Александр Иличевский
Курбан-байрам

Начало  Окончание

         Но закончилось все тем, что старик как-то раз посетовал, что километрах в тридцати от Серпухова, в дремучем заповедном месте над Окой у него есть дачка, с которой он из-за болезни уже не в силах управляться. Я воскликнул: - Отлично! - и через неделю мой маклер привел к нам в палату дочь старика и нотариуса. Дочери я вручил принесенные маклером деньги, а нотариус заверил подписанную купчую.
         На следующий день, разбуженный уже горячим светом апрельского утра, я открыл глаза, полежал - и протянул руку к изголовью старика, чтобы опустить ему веки. После окончания сделки старик не прожил и суток, - помер, скорей, не от времени, а от чувства невыносимой беспечности - будто сдал свой тяжкий таинством город чужестранцу.

         А мне в том прозрачном городе - на той загадочной дачке очень даже пришлось впору. Впервые я приехал туда вскоре после выписки, на майские. И вот ведь диво - все клумбы оказались усажены королевскими тюльпанами. Представьте - целая алая армия! А еще там кругом дремучий лес по-над раскатистыми взмывающими все глубже в высь и даль уступами древней речной поймы. Рыбалка щедрая, зверья полно - косули, лоси, куропатки, утки, бобры и зайцев прорва. И так там тихо, загадочно, мудро, - что, бывало, проснешься ночью, полежишь - и вдруг сладостно пронзит: что будто бы ты уже умер.

         Циклопический гаишник, отоварившийся целлофановой коробкой с пирожными, подходит к моей машине и, катая желваками, пялится в упор через лобовое. По закону он не имеет права потребовать от меня ни документов, ни объяснений. Я - не пойманный вор.
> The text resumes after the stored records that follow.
lemma positive_definite_partial_diagonalisation:
  fixes A :: "real^'n^'n"
  assumes "finite S" "transpose A = A" "positive_definite A"
  shows "\<exists>D. transpose D = D \<and> positive_definite D \<and> det D = det A \<and> (\<forall>i. D$i$i \<le> A$i$i)
          \<and> (\<forall>i\<in>S. \<forall>j. j \<noteq> i \<longrightarrow> D$i$j = 0)"
  using assms
proof (induction S rule: finite_induct)
  case empty
  then show ?case by blast
next
  case (insert k S)
  then obtain D where D: "transpose D = D" "positive_definite D" "det D = det A"
    "\<forall>i. D$i$i \<le> A$i$i" "\<forall>i\<in>S. \<forall>j. j \<noteq> i \<longrightarrow> D$i$j = 0"
    by blast
  let ?D = "pivot_eliminate k D"
  have pivot: "D$k$k \<noteq> 0"
    using positive_definite_diag_pos[OF D(2), of k] by simp
  have "?D$i$j = 0" if "i \<in> insert k S" "j \<noteq> i" for i j
  proof (cases "i = k")
    case True
    then show ?thesis using pivot_eliminate_pivot_row[OF pivot] that by simp
  next
    case False
    then have "i \<in> S" "D$i$k = 0"
      using that D(5) by auto
    then show ?thesis
      using pivot_eliminate_cleared_row[of D i k] False D(5) that by simp
  qed
  moreover have "?D$i$i \<le> A$i$i" for i
    using order_trans[OF pivot_eliminate_diag_le[OF D(1,2)]] D(4) by blast
  ultimately show ?case
    using symmetric_pivot_eliminate[OF D(1)] positive_definite_pivot_eliminate[OF D(1,2)]
      det_pivot_eliminate[OF D(1) pivot] D(3)
    by (intro exI[of _ ?D]) simp
qed

lemma hadamard_inequality:
  fixes A :: "real^'n^'n"
  assumes "transpose A = A" "positive_definite A"
  shows "0 < det A" "det A \<le> (\<Prod>i\<in>UNIV. A$i$i)"
proof -
  obtain D where D: "positive_definite D" "det D = det A" "\<forall>i. D$i$i \<le> A$i$i"
    "\<forall>i j. j \<noteq> i \<longrightarrow> D$i$j = 0"
    using positive_definite_partial_diagonalisation[OF finite[of UNIV] assms] by blast
  have det_D: "det D = (\<Prod>i\<in>UNIV. D$i$i)"
    using D(4) by (intro det_diagonal) auto
  have pos: "0 < D$i$i" for i
    using positive_definite_diag_pos[OF D(1)] .
  have "0 < (\<Prod>i\<in>UNIV. D$i$i)"
    using pos by (intro prod_pos) auto
  then show "0 < det A"
    using D(2) det_D by simp
  show "det A \<le> (\<Prod>i\<in>UNIV. A$i$i)"
    unfolding D(2)[symmetric] det_D using pos D(3) by (intro prod_mono) (simp add: less_imp_le)
qed

lemma ln_det_le_trace:
  fixes A :: "real^'n^'n"
  assumes "transpose A = A" "positive_definite A"
  shows "ln (det A) \<le> real CARD('n) * ln (trace A / real CARD('n))"
proof -
  let ?n = "real CARD('n)"
  define m where "m = trace A / ?n"
  have pos: "0 < A$i$i" for i
    using positive_definite_diag_pos[OF assms(2)] .
  have trace: "trace A = (\<Sum>i\<in>UNIV. A$i$i)"
    by (simp add: trace_def)
  have "0 < trace A"
    unfolding trace using pos by (simp add: sum_pos)
  then have "0 < m"
    by (simp add: m_def)
  have "ln (det A) \<le> ln (\<Prod>i\<in>UNIV. A$i$i)"
    using hadamard_inequality[OF assms] by simp
  also have "\<dots> = (\<Sum>i\<in>UNIV. ln (A$i$i))"
    using pos by (simp add: ln_prod less_imp_neq[symmetric])
  also have "\<dots> \<le> (\<Sum>i\<in>UNIV. ln m + (A$i$i / m - 1))"
  proof (rule sum_mono)
    fix i
    have "ln (A$i$i / m) \<le> A$i$i / m - 1"
      using pos[of i] \<open>0 < m\<close> by (intro ln_le_minus_one) simp
    then show "ln (A$i$i) \<le> ln m + (A$i$i / m - 1)"
      using pos[of i] \<open>0 < m\<close> by (simp add: ln_div)
  qed
  also have "\<dots> = ?n * ln m + (trace A / m - ?n)"
    by (simp add: sum.distrib trace sum_subtractf flip: sum_divide_distrib)
  also have "trace A / m = ?n"
    using \<open>0 < trace A\<close> by (simp add: m_def)
  finally show ?thesis
    by (simp add: m_def)
qed

section \<open>Inverse quadratic forms and rank-one updates\<close>

lemma matrix_vector_mul_matrix_inv:
  fixes A :: "real^'n^'n"
  assumes "invertible A"
  shows "A *v (matrix_inv A *v w) = w"
proof -
  have "\<exists>A'. A ** A' = mat 1 \<and> A' ** A = mat 1"
    using assms unfolding invertible_def by blast
  then have "A ** matrix_inv A = mat 1"
    unfolding matrix_inv_def by (rule someI2_ex) blast
  then show ?thesis
    by (simp add: matrix_vector_mul_assoc)
qed

lemma inner_matrix_inv_bounds:
  fixes A :: "real^'n^'n"
  assumes lam: "0 < lam" and lower: "\<And>y. lam * (y \<bullet> y) \<le> y \<bullet> (A *v y)"
  shows "0 \<le> w \<bullet> (matrix_inv A *v w)" "w \<bullet> (matrix_inv A *v w) \<le> (norm w)^2 / lam"
proof -
  define z where "z = matrix_inv A *v w"
  have "positive_definite A"
    unfolding positive_definite_def using lam lower by (metis inner_gt_zero_iff mult_pos_pos order_less_le_trans)
  then have "A *v z = w"
    unfolding z_def by (intro matrix_vector_mul_matrix_inv positive_definite_invertible)
  then have lower_z: "lam * (norm z)^2 \<le> w \<bullet> z"
    using lower[of z] by (simp add: power2_norm_eq_inner inner_commute)
  then show "0 \<le> w \<bullet> (matrix_inv A *v w)"
    unfolding z_def[symmetric] using lam by (meson order_trans zero_le_power2 mult_nonneg_nonneg less_imp_le)
  have cauchy: "w \<bullet> z \<le> norm w * norm z"
    by (rule norm_cauchy_schwarz)
  have "lam * norm z \<le> norm w"
  proof (cases "norm z = 0")
    case False
    have "(lam * norm z) * norm z \<le> norm w * norm z"
      using lower_z cauchy by (simp add: power2_eq_square mult.assoc)
    then show ?thesis
      using False by (simp add: mult_le_cancel_right)
  qed simp
  then have "norm w * norm z \<le> norm w * (norm w / lam)"
    using lam by (intro mult_left_mono) (simp_all add: field_simps)
  then show "w \<bullet> (matrix_inv A *v w) \<le> (norm w)^2 / lam"
    unfolding z_def[symmetric] using cauchy by (simp add: power2_eq_square)
qed

lemma det_add_outer:
  fixes A :: "real^'n^'n"
  assumes "invertible A"
  shows "det (A + outer w) = det A * (1 + w \<bullet> (matrix_inv A *v w))"
proof -
  define u where "u = matrix_inv A *v w"
  have "A ** (\<chi> i j. u$i * w$j) = outer w"
  proof -
    have "(A ** (\<chi> i j. u$i * w$j))$i$j = (A *v u)$i * w$j" for i j
      by (simp add: matrix_matrix_mult_def matrix_vector_mult_def sum_distrib_right mult.assoc)
    then show ?thesis
      using matrix_vector_mul_matrix_inv[OF assms] by (simp add: vec_eq_iff outer_def u_def)
  qed
  then have "A + outer w = A ** (mat 1 + (\<chi> i j. u$i * w$j))"
    by (simp add: matrix_add_ldistrib)
  then show ?thesis
    by (simp add: det_mul det_identity_add_rank1 u_def inner_commute)
qed

section \<open>The ridge Gram matrix\<close>

lemma det_scaleR_mat_1: "det (c *\<^sub>R (mat 1 :: real^'n^'n)) = c ^ CARD('n)"
  by (subst det_diagonal) (simp_all add: mat_def)

lemma inner_outer: "y \<bullet> (outer v *v y) = (v \<bullet> y)^2"
proof -
  have "outer v *v y = (v \<bullet> y) *\<^sub>R v"
    by (simp add: vec_eq_iff outer_def matrix_vector_mult_def inner_vec_def
        sum_distrib_right sum_distrib_left mult_ac)
  then show ?thesis
    by (simp add: power2_eq_square inner_commute)
qed

lemma inner_sum_matrix_vector:
  fixes f :: "'b \<Rightarrow> real^'n^'n"
  shows "finite S \<Longrightarrow> y \<bullet> ((\<Sum>s\<in>S. f s) *v y) = (\<Sum>s\<in>S. y \<bullet> (f s *v y))"
  by (induction S rule: finite_induct) (auto simp: matrix_vector_mult_add_rdistrib inner_add_right)

lemma Vmat_quadratic_form:
  "y \<bullet> (Vmat lam x act a t *v y) = lam * (y \<bullet> y) + (\<Sum>s\<in>{s\<in>{1..<t}. act s = a}. (x s \<bullet> y)^2)"
  by (simp add: Vmat_def matrix_vector_mult_add_rdistrib inner_add_right inner_sum_matrix_vector
      inner_outer flip: scaleR_matrix_vector_assoc)

lemma Vmat_ge_ridge: "lam * (y \<bullet> y) \<le> y \<bullet> (Vmat lam x act a t *v y)"
  unfolding Vmat_quadratic_form by (simp add: sum_nonneg)

lemma positive_definite_Vmat: "0 < lam \<Longrightarrow> positive_definite (Vmat lam x act a t)"
  unfolding positive_definite_def
  by (metis Vmat_ge_ridge inner_gt_zero_iff mult_pos_pos order_less_le_trans)

lemma Vmat_entry:
  "Vmat lam x act a t $i$j = lam * (if i = j then 1 else 0) + (\<Sum>s\<in>{s\<in>{1..<t}. act s = a}. x s$i * x s$j)"
  by (simp add: Vmat_def outer_def mat_def)

lemma symmetric_Vmat: "transpose (Vmat lam x act a t) = Vmat lam x act a t"
  by (simp add: vec_eq_iff transpose_def Vmat_entry mult.commute)

lemma Vmat_Suc:
  "Vmat lam x act a (Suc t) = Vmat lam x act a t + (if 1 \<le> t \<and> act t = a then outer (x t) else 0)"
proof (cases "1 \<le> t \<and> act t = a")
  case True
  then have "{s\<in>{1..<Suc t}. act s = a} = insert t {s\<in>{1..<t}. act s = a}"
    by auto
  then show ?thesis
    using True by (simp add: Vmat_def algebra_simps)
next
  case False
  then have "{s\<in>{1..<Suc t}. act s = a} = {s\<in>{1..<t}. act s = a}"
    by (auto simp: less_Suc_eq)
  then show ?thesis
    unfolding if_not_P[OF False] by (simp add: Vmat_def)
qed

lemma trace_Vmat:
  fixes x :: "nat \<Rightarrow> real^'d"
  shows "trace (Vmat lam x act a t) = real CARD('d) * lam + (\<Sum>s\<in>{s\<in>{1..<t}. act s = a}. (norm (x s))^2)"
proof -
  have "trace (Vmat lam x act a t) = (\<Sum>i\<in>UNIV. lam + (\<Sum>s\<in>{s\<in>{1..<t}. act s = a}. x s$i * x s$i))"
    by (simp add: trace_def Vmat_entry)
  also have "\<dots> = real CARD('d) * lam + (\<Sum>s\<in>{s\<in>{1..<t}. act s = a}. \<Sum>i\<in>UNIV. x s$i * x s$i)"
    by (simp add: sum.distrib sum.swap[of _ UNIV])
  finally show ?thesis
    by (simp add: power2_norm_eq_inner inner_vec_def)
qed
Однако выхожу и извиняюсь: "Перенервничал, вспыхнул, газанул, впредь буду паинькой", - и достаю три сотни - по купюре на каждый обделанный пост. Молча хватко берет, будто только что мне что-то впарил, крутит пальцем у виска и отваливает вразвалочку. Желтая сигнальная жилетка, подле которой плывут рядком шесть кремовых пионов, уменьшается, выкатывается из-под портика, - и ее тут же обступает, проглатывает ноздреватый крупнозернистый март, голая галочья роща, тяжкое - вровень с небом - все в оттепельных пролежнях поле, которое широко за горизонт кесарево рассекает бетонная дуга, ведущая меня в мой ближний дальний рай.
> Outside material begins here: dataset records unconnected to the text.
(* Let $\Sigma$ be a finite set of formulas closed under subformulas. Then for every $\Gamma\in W_c$ and $\varphi\in\Sigma$, $(\mathcal M^{\mathsf{CS4}}_\Sigma,\Gamma)\models\varphi$ iff $\varphi\in\Gamma^+$; consequently, for $\varphi\in\Sigma$, $\mathsf{CS4}\vdash\varphi$ iff $\mathcal M^{\mathsf{CS4}}_\Sigma\models\varphi$.
   Context: Formulas over a countably infinite set $\mathbb P$: $p\mid\bot\mid\varphi\wedge\psi\mid\varphi\vee\psi\mid\varphi\to\psi\mid\Diamond\varphi\mid\Box\varphi$; $\mathcal L$ is the set of all formulas. Satisfaction in a structure $(W,W_\bot,\preccurlyeq,\sqsubseteq,V)$: $p$ iff $w\in V(p)$; $\bot$ iff $w\in W_\bot$; $\wedge,\vee$ pointwise; $w\models\varphi\to\psi$ iff for all $v\succcurlyeq w$, $v\models\varphi$ implies $v\models\psi$; $w\models\Diamond\varphi$ iff for all $u\succcurlyeq w$ there is $v\sqsupseteq u$ with $v\models\varphi$; $w\models\Box\varphi$ iff $v\models\varphi$ whenever $w\preccurlyeq u\sqsubseteq v$; $\mathcal M\models\varphi$ iff $\varphi$ holds at every $w\in W\setminus W_\bot$. $\mathsf{CS4}$ is the least set of formulas containing all intuitionistic propositional tautologies and all instances of $\Box(\varphi\to\psi)\to(\Box\varphi\to\Box\psi)$, $\Box(\varphi\to\psi)\to(\Diamond\varphi\to\Diamond\psi)$, $\Box\varphi\to\varphi$, $\varphi\to\Diamond\varphi$, $\Box\varphi\to\Box\Box\varphi$, $\Diamond\Diamond\varphi\to\Diamond\varphi$, closed under modus ponens and necessitation. $\Gamma\vdash\Delta$ means $\mathsf{CS4}\vdash\bigwedge\Gamma'\to\bigvee\Delta'$ for finite $\Gamma'\subseteq\Gamma$, $\Delta'\subseteq\Delta$. A set $X$ is prime if $X\vdash\varphi$ implies $\varphi\in X$ and $\varphi\vee\psi\in X$ implies $\varphi\in X$ or $\psi\in X$. A $\mathsf{CS4}$-theory is a pair $\Phi=(\Phi^+;\Phi^\Diamond)$ with $\Phi^+$ prime and $\Diamond\bigvee\Psi\notin\Phi^+$ for every nonempty finite $\Psi\subseteq\Phi^\Diamond$. $\Phi^\Box=\{\varphi:\Box\varphi\in\Phi^+\}$. $W_c$ = all $\mathsf{CS4}$-theories; $W_{\bot c}=\{(\mathcal L;\varnothing)\}$; $\Phi\preccurlyeq_c\Psi$ iff $\Phi^+\subseteq\Psi^+$; $\Phi\sqsubseteq_c\Psi$ iff $\Phi^\Box\subseteq\Psi^+$ and $\Phi^\Diamond\subseteq\Psi^\Diamond$; $V_c(p)=\{\Phi:p\in\Phi^+\}$. For $\Gamma,\Delta\in W_c$, $\Gamma\preccurlyeq_\Sigma\Delta$ iff $\Gamma\preccurlyeq_c\Delta$ and either $\Gamma^+=\Delta^+$ or there is $\chi\in\Sigma$ with $\chi\in\Delta^+\setminus\Gamma^+$. $\mathcal M^{\mathsf{CS4}}_\Sigma=(W_c,W_{\bot c},\preccurlyeq_\Sigma,\sqsubseteq_c,V_c)$. *)

theory Defs
  imports Main
begin

datatype form =
    Atom nat
  | Bot
  | And form form
  | Or form form
  | Imp form form
  | Dia form
  | Box form

fun subformulas :: "form \<Rightarrow> form set" where
  "subformulas (Atom p) = {Atom p}"
| "subformulas Bot = {Bot}"
| "subformulas (And a b) = insert (And a b) (subformulas a \<union> subformulas b)"
| "subformulas (Or a b) = insert (Or a b) (subformulas a \<union> subformulas b)"
| "subformulas (Imp a b) = insert (Imp a b) (subformulas a \<union> subformulas b)"
| "subformulas (Dia a) = insert (Dia a) (subformulas a)"
| "subformulas (Box a) = insert (Box a) (subformulas a)"

definition subformula_closed :: "form set \<Rightarrow> bool" where
  "subformula_closed S \<longleftrightarrow> (\<forall>\<phi>\<in>S. subformulas \<phi> \<subseteq> S)"

definition Top :: form where "Top = Imp Bot Bot"

fun conj_list :: "form list \<Rightarrow> form" where
  "conj_list [] = Top"
| "conj_list [x] = x"
| "conj_list (x # xs) = And x (conj_list xs)"

fun disj_list :: "form list \<Rightarrow> form" where
  "disj_list [] = Bot"
| "disj_list [x] = x"
| "disj_list (x # xs) = Or x (disj_list xs)"

text \<open>Axiom schemes of intuitionistic propositional logic (Hilbert style), instantiated
  over the whole modal language; together with modus ponens they generate exactly
  the substitution instances of intuitionistic propositional tautologies.\<close>
inductive ipc_axiom :: "form \<Rightarrow> bool" where
  "ipc_axiom (Imp a (Imp b a))"
| "ipc_axiom (Imp (Imp a (Imp b c)) (Imp (Imp a b) (Imp a c)))"
| "ipc_axiom (Imp (And a b) a)"
| "ipc_axiom (Imp (And a b) b)"
| "ipc_axiom (Imp a (Imp b (And a b)))"
| "ipc_axiom (Imp a (Or a b))"
| "ipc_axiom (Imp b (Or a b))"
| "ipc_axiom (Imp (Imp a c) (Imp (Imp b c) (Imp (Or a b) c)))"
| "ipc_axiom (Imp Bot a)"

inductive CS4 :: "form \<Rightarrow> bool" where
  ipc: "ipc_axiom a \<Longrightarrow> CS4 a"
| K_box: "CS4 (Imp (Box (Imp a b)) (Imp (Box a) (Box b)))"
| K_dia: "CS4 (Imp (Box (Imp a b)) (Imp (Dia a) (Dia b)))"
| T_box: "CS4 (Imp (Box a) a)"
| T_dia: "CS4 (Imp a (Dia a))"
| four_box: "CS4 (Imp (Box a) (Box (Box a)))"
| four_dia: "CS4 (Imp (Dia (Dia a)) (Dia a))"
| MP: "CS4 (Imp a b) \<Longrightarrow> CS4 a \<Longrightarrow> CS4 b"
| Nec: "CS4 a \<Longrightarrow> CS4 (Box a)"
         Дальше вот что. Я умеренно мчусь в Велегож, вдыхая из приоткрытой фортки весенний, натертый подсолнечником ветер, слушаю по радио Шопена, но тут...
         В общем, я утыкаюсь в грузовичок, сбавляю и рыскаю, чтобы его обойти. Вдруг на ухабе из-под кузовного тента вылетает голое тело. Виляю, ухожу на обочину, торможу. Грузовичок шкандыбает еще две сотни метров, роняя из-под прорвавшегося тента замороженные туши.
         Выскакивает водила, бежит назад расставив руки, вдруг бухается на колени, рвет на себе куртку, хватается голову на отрыв. Я врубаю "маячок", выхожу, выставляю аварийный катафот. Поднимаю мужичка под локти, ору: - Давай собирать! Бедняга подхватывается, лопочет не по-нашему, и мы с ним долго-долго, задыхаясь, стаскиваем с трассы в обоченную груду грязно-розовые туши баранов. Попутный транспорт набивается в пробку, гудит; легковушки объезжают, грузовики - переламывают стесанные от удара, растянутые в бесконечном прыжке туши.
         Наконец присаживаемся отдышаться.
         Расплывшиеся фиолетовые печати на полосатых ляжках наводятся резкостью памяти на случай.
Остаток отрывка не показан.